Exercise: 3 stars, standard (interferent_insecure_com_implicit)

Definition insecure_com_implicit :=
  <{ if Y = 42 then
       X := X - 1 (* <- bad implicit flow! *)
     else
       Y := 2 × Y
     end }>.

Lemma interferent_insecure_com_implicit :
¬noninterferent_no_while xpub insecure_com_implicit.
Proof.
(* FILL IN HERE *) Admitted.
☐

We will return to explicit and implicit flows in the StaticIFC chapter.

SME for Imp programs without loops

We can use sme_state to execute such programs to obtain a noninterferent state transformer by running programs 2 times, once on a state where the secrets were zeroed out and once on the original input state, and then merging the final states.

Print sme_state.
(* fun f pub s => merge_states (f (split_state s pub true)) (f s) pub. *)

Definition sme_cmd c : pub_vars →state→state := sme_state (cinterp c).

The result of applying sme_cmd to a program is not a program, but a state transformer. We prove noninterference and transparency for the state transformers obtained by sme_cmd using our noninterference and transparency theorems about sme_state:

Theorem noninterferent_sme_cmd : ∀ c pub,
noninterferent_state pub (sme_cmd c pub).
Proof. intros c p. apply noninterferent_sme_state. Qed.

Theorem transparent_sme_cmd : ∀ c pub,
    noninterferent_state pub (fun s ⇒ ceval_fun_no_while s c) →
    ∀ s, cinterp c s = sme_cmd c pub s.
Proof.
  unfold sme_cmd. intros c pub NI. apply transparent_sme_state. apply NI.
Qed.

Perhaps more interesting is to look at how sme_cmd changes the behavior of some insecure commands:

Print insecure_com1. (* <{ X := Y + 1; Y := X - 1 + Y * 2 }> *)
Definition secure_com1 : com :=
<{ X := 1; (* no explicit flow *)
Y := Y×3 (* but Y has to be computed in a different way *) }>.

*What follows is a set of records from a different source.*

text \<open>The edges inside the outer vertices: summing degrees and using the degree identities of
  ny, nz and far vertices together with the discharging inequality.\<close>
lemma outer_edges: "2 * card outer \<le> card ny + card nz + card (edges outer E)"
proof -
  let ?Q = "ny \<union> nz"
  have finQ: "finite ?Q" using finite_parts by simp
  have card_split: "card outer = card ?Q + card far" "card ?Q = card ny + card nz"
    using outer_split finite_parts ny_nz_disjoint by (simp_all add: card_Un_disjoint)
  have handshake_outer: "2 * card (edges outer E) = (\<Sum>w\<in>outer. deg_in outer w)"
    unfolding deg_in_def using finite_parts(1) sym irrefl by (rule handshake)
  have "(\<Sum>w\<in>outer. deg_in outer w) = (\<Sum>w\<in>outer. deg_in ?Q w) + (\<Sum>w\<in>outer. deg_in far w)"
    unfolding deg_in_outer_split by (rule sum.distrib)
  moreover have "(\<Sum>w\<in>outer. deg_in far w) = (\<Sum>r\<in>far. deg_in outer r)"
    using finite_parts(1,4) by (rule sum_deg_in_swap)
  moreover have "(\<Sum>r\<in>far. deg_in ?Q r) \<le> (\<Sum>r\<in>far. deg_in outer r)"
    unfolding deg_in_outer_split by (rule sum_mono) simp
  moreover have "(\<Sum>w\<in>outer. deg_in ?Q w) = (\<Sum>w\<in>?Q. deg_in ?Q w) + (\<Sum>r\<in>far. deg_in ?Q r)"
    unfolding outer_split(1) using finQ finite_parts(4) outer_split(2) by (rule sum.union_disjoint)
  moreover have "(\<Sum>w\<in>?Q. deg_in ?Q w) = (\<Sum>w\<in>?Q. exc w) + card ?Q"
  proof -
    have "(\<Sum>w\<in>?Q. deg_in ?Q w) = (\<Sum>w\<in>?Q. exc w + 1)"
      using near_degrees by (intro sum.cong) (simp_all add: deg_in_ny_nz)
    then show ?thesis by (simp add: sum_Suc)
  qed
  moreover have "(\<Sum>r\<in>far. deg_in ?Q r) = (\<Sum>r\<in>far. exc r) + 2 * card far"
  proof -
    have "(\<Sum>r\<in>far. deg_in ?Q r) = (\<Sum>r\<in>far. exc r + 2)"
      using far_degrees by (intro sum.cong) (simp_all add: deg_in_ny_nz)
    then show ?thesis by (simp add: sum_Suc)
  qed
  ultimately show ?thesis using handshake_outer discharging card_split by linarith
qed

text \<open>Four disjoint families of edges of G: the triangle xyz, the edges from y to ny, those from
  z to nz, and the edges inside the outer vertices.\<close>
lemma edges_lower_bound: "3 + card ny + card nz + card (edges outer E) \<le> card (edges V E)"
proof -
  define T where "T = {{x, y}, {x, z}, {y, z}}"
  define Py where "Py = (\<lambda>w. {y, w}) ` ny"
  define Pz where "Pz = (\<lambda>w. {z, w}) ` nz"
  have in_edges: "{u, v} \<in> edges V E" if "E u v" for u v
    using that edge_in_V unfolding edges_def by blast
  have sub: "T \<union> (Py \<union> Pz) \<union> edges outer E \<subseteq> edges V E"
  proof -
    have "T \<subseteq> edges V E" unfolding T_def using in_edges triangle by blast
    moreover have "Py \<subseteq> edges V E" "Pz \<subseteq> edges V E"
      unfolding Py_def Pz_def ny_def nz_def using in_edges by auto
    moreover have "edges outer E \<subseteq> edges V E" using parts_subset(4) unfolding edges_def by blast
    ultimately show ?thesis by blast
  qed
  have outer_xyz: "outer \<inter> {x, y, z} = {}" unfolding outer_def by blast
  have "T \<inter> (Py \<union> Pz) = {}"
  proof -
    have "s \<subseteq> {x, y, z}" if "s \<in> T" for s using that unfolding T_def by blast
    moreover have "s \<inter> outer \<noteq> {}" if "s \<in> Py \<union> Pz" for s
      using that parts_subset unfolding Py_def Pz_def by blast
    ultimately show ?thesis using outer_xyz by blast
  qed
  moreover have "Py \<inter> Pz = {}"
    unfolding Py_def Pz_def using xyz_distinct parts_subset outer_xyz by (auto simp: doubleton_eq_iff)
  moreover have "(T \<union> (Py \<union> Pz)) \<inter> edges outer E = {}"
  proof -
    have "s \<inter> {x, y, z} \<noteq> {}" if "s \<in> T \<union> (Py \<union> Pz)" for s
      using that unfolding T_def Py_def Pz_def by blast
    moreover have "s \<subseteq> outer" if "s \<in> edges outer E" for s using that unfolding edges_def by blast
    ultimately show ?thesis using outer_xyz by blast
  qed
  moreover have "card T = 3" unfolding T_def using xyz_distinct by (simp add: doubleton_eq_iff)
  moreover have "card Py = card ny" "card Pz = card nz"
    unfolding Py_def Pz_def by (auto intro!: card_image simp: inj_on_def doubleton_eq_iff)
  moreover have "finite T" "finite Py" "finite Pz" "finite (edges outer E)"
    using sub finite_edges[OF fin] finite_subset by blast+
  ultimately have "card (T \<union> (Py \<union> Pz) \<union> edges outer E) = 3 + card ny + card nz + card (edges outer E)"
    by (simp add: card_Un_disjoint)
  then show ?thesis using card_mono[OF finite_edges[OF fin] sub] by simp
qed

theorem edge_bound: "2 * card V \<le> num_edges V E + 3"
proof -
  have "card outer = card V - 3" "3 \<le> card V"
    using xyz_in_V xyz_distinct card_mono[OF fin, of "{x, y, z}"] fin
    unfolding outer_def by (simp_all add: card_Diff_subset)
  then show ?thesis
    using outer_edges edges_lower_bound unfolding num_edges_eq_card_edges by linarith
qed

end

lemma saturated_triangle_at_AB_vertex:
  assumes sat: "K23_saturated V E" and x: "x \<in> V" "degree V E x = 2"
    and adjacent: "\<forall>y z. E x y \<and> E x z \<and> y \<noteq> z \<longrightarrow> E y z"
    and one_common: "\<forall>y z. E x y \<and> E x z \<and> y \<noteq> z \<longrightarrow> card {w\<in>V. E y w \<and> E z w} = 1"
  shows "\<exists>y z. saturated_triangle V E x y z"
proof -
  have G: "finite V" "\<And>u v. E u v \<Longrightarrow> u \<in> V \<and> v \<in> V" "\<And>u v. E u v \<Longrightarrow> E v u" "\<And>u. \<not> E u u"
    using sat unfolding K23_saturated_def graph_def by blast+
  obtain y z where yz: "{v\<in>V. E x v} = {y, z}" "y \<noteq> z"
    using x(2) card_2_iff unfolding degree_def by metis
  then have xy: "E x y" "E x z" by blast+
  have nbrs_x: "w = y \<or> w = z" if "E x w" for w using that G(2) yz(1) by blast
  have yz_adj: "E y z" using adjacent xy yz(2) by blast
  have common_yz: "w = x" if "E y w" "E z w" for w
  proof -
    have "card {w\<in>V. E y w \<and> E z w} = 1" using one_common xy yz(2) by blast
    moreover have "x \<in> {w\<in>V. E y w \<and> E z w}" "w \<in> {w\<in>V. E y w \<and> E z w}"
      using x(1) xy that G(2,3) by auto
    ultimately show ?thesis using G(1) card_le_Suc0_iff_eq[of "{w\<in>V. E y w \<and> E z w}"] by auto
  qed
  have "saturated_triangle V E x y z"
    using G xy yz_adj nbrs_x common_yz sat unfolding K23_saturated_def
    by unfold_locales blast+
  then show ?thesis by blast
qed
lemma tens_split_pt_tens_cls:
  assumes "r' \<in> tens_cls D E L r" "0 < L"
  shows "tens_split_pt L r' = tens_split_pt L r"
proof -
  have inv: "tens_split_pt L a = tens_split_pt L b" if ab: "tens_gen D E L a b" for a b
    using ab
  proof (cases rule: tens_genE)
    case (gen l1 l2 m1 m2 \<psi> \<phi>1 \<phi>2 x1 x2)
    interpret Gsplitting L l1 l2 \<psi>
      using gen assms(2) by unfold_locales auto
    show ?thesis
      using Gsplit_pt_Gcomp_Gtens[OF gen(6,7,3,4)] gen(10,11) by (simp add: tens_split_pt_def s_def)
  qed
  have "equivclp (tens_gen D E L) r r'"
    using assms(1) unfolding tens_cls_def by simp
  then show ?thesis
    using equivclp_invariant[of "tens_gen D E L" r r' "tens_split_pt L"] inv by simp
qed

lemma istopology_dgen:
  "istopology (\<lambda>U. U \<subseteq> topspace X \<and>
     (\<forall>n \<sigma>. continuous_map (simplex_top n) X \<sigma> \<longrightarrow>
        openin (simplex_top n) {t \<in> topspace (simplex_top n). \<sigma> t \<in> U}))"
proof -
  have "{t \<in> topspace Y. \<sigma> t \<in> S \<inter> T} = {t \<in> topspace Y. \<sigma> t \<in> S} \<inter> {t \<in> topspace Y. \<sigma> t \<in> T}"
    and "{t \<in> topspace Y. \<sigma> t \<in> \<Union>\<K>} = (\<Union>K\<in>\<K>. {t \<in> topspace Y. \<sigma> t \<in> K})"
    for Y :: "(nat \<Rightarrow> real) topology" and \<sigma> :: "(nat \<Rightarrow> real) \<Rightarrow> 'a" and S T \<K>
    by auto
  then show ?thesis
    unfolding istopology_def by (auto intro!: openin_Int openin_Union)
qed
lemma pdiff_mult:
  assumes "f differentiable (at x)" "g differentiable (at x)"
  shows "pdiff i (\<lambda>y. f y * g y) x = pdiff i f x * g x + f x * pdiff i g x"
proof -
  obtain f' g' where f': "(f has_derivative f') (at x)" and g': "(g has_derivative g') (at x)"
    using assms unfolding differentiable_def by blast
  show ?thesis
    using pdiff_eq_derivative[OF has_derivative_mult[OF f' g']]
      pdiff_eq_derivative[OF f'] pdiff_eq_derivative[OF g'] by simp
qed

lemma pdiff_compose_real:
  assumes "(h has_real_derivative h') (at (f x))" "f differentiable (at x)"
  shows "pdiff i (\<lambda>y. h (f y)) x = h' * pdiff i f x"
proof -
  obtain f' where f': "(f has_derivative f') (at x)"
    using assms(2) unfolding differentiable_def by blast
  have "((\<lambda>y. h (f y)) has_derivative (\<lambda>v. h' * f' v)) (at x)"
    using has_derivative_compose[OF f' assms(1)[unfolded has_field_derivative_def]]
    by (simp add: o_def mult.commute)
  with f' show ?thesis by (simp add: pdiff_eq_derivative)
qed

lemma differentiable_compose_real:
  assumes "(h has_real_derivative h') (at (f x))" "f differentiable (at x)"
  shows "(\<lambda>y. h (f y)) differentiable (at x)"
  using differentiable_compose[OF differentiableI[OF has_field_derivative_imp_has_derivative[OF assms(1)]] assms(2)] .

lemma differentiable_vec_nth:
  fixes F :: "real^'n::finite \<Rightarrow> real^'n"
  assumes "F differentiable (at x)"
  shows "(\<lambda>y. F y $ i) differentiable (at x)"
proof -
  obtain F' where "(F has_derivative F') (at x)"
    using assms unfolding differentiable_def by blast
  from bounded_linear.has_derivative[OF bounded_linear_vec_nth this] show ?thesis
    by (rule differentiableI)
qed

lemma differentiable_vec_lambda:
  fixes f :: "'n::finite \<Rightarrow> real^'m \<Rightarrow> real"
  assumes "\<And>i. f i differentiable (at x)"
  shows "(\<lambda>y. \<chi> i. f i y) differentiable (at x)"
proof -
  have sum: "(\<lambda>y. \<chi> i. f i y) = (\<lambda>y. \<Sum>i\<in>UNIV. f i y *\<^sub>R axis i (1::real))"
    by (auto simp: vec_eq_iff axis_def if_distrib cong: if_cong)
  show ?thesis
    unfolding sum by (rule differentiable_sum) (auto intro!: differentiable_scaleR assms)
qed

lemma divg_eq_sum_pdiff:
  fixes F :: "real^'n::finite \<Rightarrow> real^'n"
  assumes "F differentiable (at x)"
  shows "divg F x = (\<Sum>i\<in>UNIV. pdiff i (\<lambda>y. F y $ i) x)"
proof -
  obtain F' where F': "(F has_derivative F') (at x)"
    using assms unfolding differentiable_def by blast
  have component: "((\<lambda>y. F y $ i) has_derivative (\<lambda>v. F' v $ i)) (at x)" for i
    using bounded_linear.has_derivative[OF bounded_linear_vec_nth F'] .
  show ?thesis
    by (simp add: divg_def pdiff_eq_derivative[OF component] frechet_derivative_at[OF F', symmetric])
qed
definition ball :: "graph \<Rightarrow> nat \<Rightarrow> nat \<Rightarrow> nat set" where
  "ball G r x = {v. \<exists>k\<le>r. (G ^^ k) x v}"

definition ball_iso :: "nat \<Rightarrow> rgraph \<Rightarrow> rgraph \<Rightarrow> bool" where
  "ball_iso r X Y \<longleftrightarrow>
     (\<exists>\<phi>. bij_betw \<phi> (ball (fst X) r (snd X)) (ball (fst Y) r (snd Y)) \<and> \<phi> (snd X) = snd Y \<and>
        (\<forall>u\<in>ball (fst X) r (snd X). \<forall>v\<in>ball (fst X) r (snd X).
            fst X u v \<longleftrightarrow> fst Y (\<phi> u) (\<phi> v)))"

definition local_event :: "(rgraph \<Rightarrow> bool) \<Rightarrow> bool" where
  "local_event E \<longleftrightarrow>
     (\<exists>R. \<forall>X Y. lf_graph (fst X) \<longrightarrow> lf_graph (fst Y) \<longrightarrow> ball_iso R X Y \<longrightarrow> (E X \<longleftrightarrow> E Y))"

text \<open>Continuity w.r.t. the local metric (d < 1/(1+r) iff the r-balls are rooted isomorphic).\<close>
definition locally_continuous :: "(rgraph \<Rightarrow> real) \<Rightarrow> bool" where
  "locally_continuous f \<longleftrightarrow>
     (\<forall>X. lf_graph (fst X) \<longrightarrow> (\<forall>\<epsilon>>0. \<exists>r. \<forall>Y. lf_graph (fst Y) \<longrightarrow> ball_iso r X Y \<longrightarrow>
          \<bar>f X - f Y\<bar> < \<epsilon>))"

definition bounded_on_lf :: "(rgraph \<Rightarrow> real) \<Rightarrow> bool" where
  "bounded_on_lf f \<longleftrightarrow> (\<exists>B. \<forall>X. lf_graph (fst X) \<longrightarrow> \<bar>f X\<bar> \<le> B)"

definition finite_graph :: "nat \<Rightarrow> graph \<Rightarrow> bool" where
  "finite_graph n G \<longleftrightarrow> lf_graph G \<and> (\<forall>u v. G u v \<longrightarrow> u < n \<and> v < n)"
(* Let $n\ge r$, let $\mathbf{A}_1,\dots,\mathbf{A}_K\in\mathbb{R}^{n\times r}$ and $c_1,\dots,c_K\in\mathbb{R}$. Let $\Delta=\{\boldsymbol{\mu}\in\mathbb{R}^K:\mu_k\ge0,\ \sum_k\mu_k=1\}$ and $\mathbf{A}(\boldsymbol{\mu})=\sum_{k=1}^K\mu_k\mathbf{A}_k$. Then $$\max_{\mathbf{U}^T\mathbf{U}\preccurlyeq\mathbf{I}_r}\ \min_{1\le k\le K}\big(2\,\mathrm{Tr}(\mathbf{A}_k^T\mathbf{U})+c_k\big)=\min_{\boldsymbol{\mu}\in\Delta}\Big(2\|\mathbf{A}(\boldsymbol{\mu})\|_*+\sum_{k=1}^K\mu_kc_k\Big).$$ Moreover, if $\boldsymbol{\mu}^*$ is a minimizer of the right-hand side and $\mathbf{A}(\boldsymbol{\mu}^* )$ has full column rank, then $\mathbf{U}^*=\mathbf{A}(\boldsymbol{\mu}^* )\big(\mathbf{A}(\boldsymbol{\mu}^* )^T\mathbf{A}(\boldsymbol{\mu}^* )\big)^{-1/2}$ is a maximizer of the left-hand side, and $(\mathbf{U}^* )^T\mathbf{U}^*=\mathbf{I}_r$.
   Context: $\|\cdot\|_*$ denotes the nuclear norm (sum of singular values). $\mathbf{A}\preccurlyeq\mathbf{B}$ means $\mathbf{B}-\mathbf{A}$ is positive semidefinite. In the FPCA algorithm, $\mathbf{A}_k=\mathbf{R}_k\mathbf{U}^t$ and $c_k=-\mathrm{Tr}((\mathbf{U}^t)^T\mathbf{R}_k\mathbf{U}^t)$ for the current iterate $\mathbf{U}^t$. *)

theory Defs
  imports "HOL-Analysis.Analysis"
begin

definition psd :: "real^'n^'n \<Rightarrow> bool" where
  "psd S \<longleftrightarrow> transpose S = S \<and> (\<forall>x. 0 \<le> x \<bullet> (S *v x))"

definition loewner_le :: "real^'n^'n \<Rightarrow> real^'n^'n \<Rightarrow> bool" where
  "loewner_le A B \<longleftrightarrow> psd (B - A)"

definition psd_sqrt :: "real^'n^'n \<Rightarrow> real^'n^'n" where
  "psd_sqrt X = (THE S. psd S \<and> S ** S = X)"

(* Nuclear norm ||M||_* = sum of singular values = Tr((M^T M)^(1/2)). *)
definition nuclear_norm :: "real^'r^'n \<Rightarrow> real" where
  "nuclear_norm M = trace (psd_sqrt (transpose M ** M))"

end

theory Submission
  imports Defs
begin

text \<open>Read Tr(X^T U) as the inner product X \<bullet> U of matrices. For fixed weights mu, the maximum of
  A(mu) \<bullet> U over contractions U (that is, U^T U <= I) is the nuclear norm of A(mu): in an orthonormal
  basis of eigenvectors b of A(mu)^T A(mu) the vectors A(mu) b are orthogonal, so
  A(mu) \<bullet> U = sum_b A(mu) b \<bullet> U b <= sum_b |A(mu) b|, with equality for the partial isometry
  b |-> sgn (A(mu) b). Averaging the minimum over k with weights mu gives weak duality.
  For strong duality, the payoff vectors (2 A_k \<bullet> U + c_k)_k of all contractions, closed downwards,
  form a convex set missing the open orthant above the maximin value; a separating hyperplane has a
  nonnegative normal, which normalised is a minimising mu. If A(mu*) has full column rank, the
  contraction attaining its nuclear norm is unique and equals A(mu*) (A(mu*)^T A(mu*))^(-1/2), an
  isometry; by complementary slackness every maximiser of the left-hand side attains that nuclear
  norm, hence is this matrix.\<close>

lemma linear_coeff_eq_0_if_quadratic_nonneg:
  fixes a C :: real
  assumes "\<And>t. 0 \<le> 2 * t * a + t\<^sup>2 * C"
  shows "a = 0"
proof (rule ccontr)
  assume "a \<noteq> 0"
  define k where "k = \<bar>C\<bar> + 1"
  have k: "k > 0" "C \<le> k" unfolding k_def by auto
  define t where "t = - a / k"
  have "2 * t * a = - 2 * (a\<^sup>2 / k)" and "t\<^sup>2 * C = (a\<^sup>2 / k\<^sup>2) * C"
    unfolding t_def by (simp_all add: power2_eq_square power_divide)
  moreover have "(a\<^sup>2 / k\<^sup>2) * C \<le> (a\<^sup>2 / k\<^sup>2) * k"
    using k by (intro mult_left_mono) auto
  moreover have "(a\<^sup>2 / k\<^sup>2) * k = a\<^sup>2 / k"
    using k by (simp add: power2_eq_square)
  moreover have "a\<^sup>2 / k > 0"
    using k \<open>a \<noteq> 0\<close> by simp
  ultimately show False using assms[of t] by linarith
qed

Lemma sme_insecure_com1 : sme_cmd insecure_com1 xpub = cinterp secure_com1.

Proof.
  eapply functional_extensionality. intros st.
  unfold sme_cmd, sme_state, insecure_com1. simpl.
  eapply functional_extensionality. intros x.
  unfold merge_states. simpl.

  destruct (xpub x) eqn:HXP.
  { eapply xpub_true in HXP. subst.
    rewrite t_update_neq; try (intros Hcontra; discriminate).
    rewrite t_update_eq; simpl; auto. }

  destruct (eqb x Y) eqn:HY.
  { rewrite eqb_eq in HY. subst.
    repeat rewrite t_update_eq.
    repeat rewrite t_update_neq; try (intros Hcontra; discriminate).
    lia. }

  assert (HX: x ≠ X).
  { intros Hx. subst. rewrite xpubX in HXP. discriminate. }

  rewrite eqb_neq in HY.
  repeat (rewrite t_update_neq; auto).
Qed.

The example above shows that the effect of applying sme_cmd is hard to predict statically and it is not just a simple syntactic transformation of the original command. Here is another example of that:

Definition insecure_com2' : com :=
  <{ if Y = 0 then
       X := 42 (* <- bad implicit flow! *)
     else
       X := X + 1 (* <- bad implicit flow! *)
     end }>.

Definition secure_com2' : com :=
<{ X := 42 (* <- no implicit flow (no branching) *) }>.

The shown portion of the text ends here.